Rep. Fishbein Votes Against Increasing State Budget Deficit
State Representative Craig Fishbein (R-90) today voted against legislation which restored funds for the state Medicare Savings Plan for half of the budget cycle, pointing out that it failed to address the program’s future, unbalances the present budget and creates an additional $17.8 million deficit for 2019.
The Medicare Savings Plan (MSP), a state program to help seniors and the disabled pay for Medicare coinsurance, deductibles and premiums, was reduced with passage of the bipartisan budget late last year. The program is administered to qualified individuals based on income eligibility limits. In the meantime, Governor Malloy delayed implementation of the cuts until the beginning of the next fiscal year in July.

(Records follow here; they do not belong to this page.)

text \<open>
  Since \<open>hatpi G\<close> contains all squares and commutators, \<open>\<pi> / hatpi G\<close> is an elementary
  abelian 2-group of order \<open>n = 2^s\<close>, and its characters (the elements of \<open>dualH G\<close>) separate
  points: a subgroup that is maximal among those containing \<open>hatpi G\<close> but avoiding \<open>g\<close> has
  index two.  Right multiplication by \<open>g\<close> permutes the cosets of the transversal,
  \<open>\<gamma>_j g = h_j \<gamma>_\<sigma>(j)\<close> with \<open>h_j \<in> hatpi G\<close>.  This gives both orthogonality relations of
  the character table, hence \<open>card (dualH G) = n\<close> and \<open>\<Sum>\<rho>. \<theta>_\<rho> = \<theta>\<close>, and it gives
  \<open>M_g \<theta>_\<rho> - (-1)^\<rho>(g) \<theta>_\<rho> = 1/n \<Sum>j. (-1)^\<rho>(\<gamma>_j) M_\<gamma>_\<sigma>(j) (Var_h_j \<theta>)\<close>, which lies one
  step lower in the filtration since each filtration step is a subspace stable under all
  \<open>M_g\<close>.  Conversely, characters are trivial on \<open>hatpi G\<close>, so there the twisted variations
  of the \<open>\<theta>_\<rho>\<close> are ordinary variations, and they add up to \<open>Var_h \<theta>\<close>.
\<close>

lemma sgnZ2_not: "sgnZ2 (\<not> a) = - sgnZ2 a"
  by (cases a) (simp_all add: sgnZ2_def)

lemma sum_eq_0_if_bij_negates:
  fixes f :: "'b \<Rightarrow> 'a::field_char_0"
  assumes \<tau>: "bij_betw \<tau> A A" and neg: "\<And>x. x \<in> A \<Longrightarrow> f (\<tau> x) = - f x"
  shows "sum f A = 0"
proof -
  have "sum f A = (\<Sum>x\<in>A. f (\<tau> x))" by (rule sum.reindex_bij_betw[OF \<tau>, symmetric])
  also have "\<dots> = - sum f A" by (simp add: neg sum_negf)
  finally show ?thesis by (simp add: eq_neg_iff_add_eq_0)
qed

section \<open>Characters of \<open>\<pi>/hatpi G\<close>\<close>

lemma (in normal) union_rcos_subgroup:
  assumes x: "x \<in> carrier G" and sq: "x \<otimes> x \<in> H"
  shows "subgroup (H \<union> (H #> x)) G"
proof -
  have mult: "a \<otimes> b \<in> H #> (y \<otimes> z)"
    if "a \<in> H #> y" "b \<in> H #> z" "y \<in> carrier G" "z \<in> carrier G" for a b y z
    using rcos_sum[OF that(3,4)] that(1,2) unfolding set_mult_def by blast
  have inverse: "inv a \<in> H #> inv y" if "a \<in> H #> y" "y \<in> carrier G" for a y
    using rcos_inv[OF that(2)] that(1) unfolding SET_INV_def by blast
  have H1: "H #> \<one> = H" by (simp add: subset)
  have Hxx: "H #> (x \<otimes> x) = H" by (rule coset_join2[OF m_closed[OF x x] subgroup_axioms sq])
  have "inv x = inv (x \<otimes> x) \<otimes> x" using x by (simp add: inv_mult_group m_assoc)
  then have "inv x \<in> H #> x"
    using rcosI[OF m_inv_closed[OF sq] subset x] by simp
  then have Hinv: "H #> inv x = H #> x"
    using repr_independence[OF _ x subgroup_axioms] by simp
  have cosets: "H \<union> (H #> x) = (\<Union>y\<in>{\<one>, x}. H #> y)"
    by (simp add: H1)
  have closed: "H #> (y \<otimes> z) \<subseteq> H \<union> (H #> x)" if "y \<in> {\<one>, x}" "z \<in> {\<one>, x}" for y z
    using that x by (auto simp: H1 Hxx)
  show ?thesis
  proof (rule subgroupI)
    show "H \<union> (H #> x) \<subseteq> carrier G" by (simp add: subset r_coset_subset_G[OF subset x])
    show "H \<union> (H #> x) \<noteq> {}" using subgroup.one_closed[OF subgroup_axioms] by blast
  next
    fix a assume "a \<in> H \<union> (H #> x)"
    then show "inv a \<in> H \<union> (H #> x)"
    proof
      assume "a \<in> H #> x"
      then have "inv a \<in> H #> x" using inverse[OF _ x] Hinv by simp
      then show ?thesis ..
    qed (simp add: subgroup.m_inv_closed[OF subgroup_axioms])
  next
    fix a b assume "a \<in> H \<union> (H #> x)" "b \<in> H \<union> (H #> x)"
    then obtain y z where "y \<in> {\<one>, x}" "z \<in> {\<one>, x}" "a \<in> H #> y" "b \<in> H #> z"
      unfolding cosets by blast
    then show "a \<otimes> b \<in> H \<union> (H #> x)"
      using mult closed x by blast
  qed
qed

“I am supportive of this program and its recipients but voted against this temporary fix because it increases our already ballooning state deficit and became irrelevant once Governor Malloy suspended the cuts through the end of the current fiscal year,” Rep. Fishbein said. “Adding to the state deficit without making substantial changes to offset those costs is the definition of kicking the can down the road and is not how the legislature should treat the people of our state, or manage the budget. We’re currently facing another projected $224 million deficit, and with the governor’s six month delay it made little sense to take today’s action especially considering we’ll be debating this very issue in the coming months as we wrestle with our current deficit, and projected future deficits.”
The current budget banks $17.8 million from the FY18 and carries that
money forward into FY19. By the action of the legislature today, this
carryforward was repealed.
“Eliminating the carryover alone would create at least another $17.8 million hole in our state budget,” Rep. Fishbein said. “Moving forward, I am hopeful we will be able to better anticipate such expenses and create a truly balanced budget that provides for continuation of important services while also being fiscally viable.”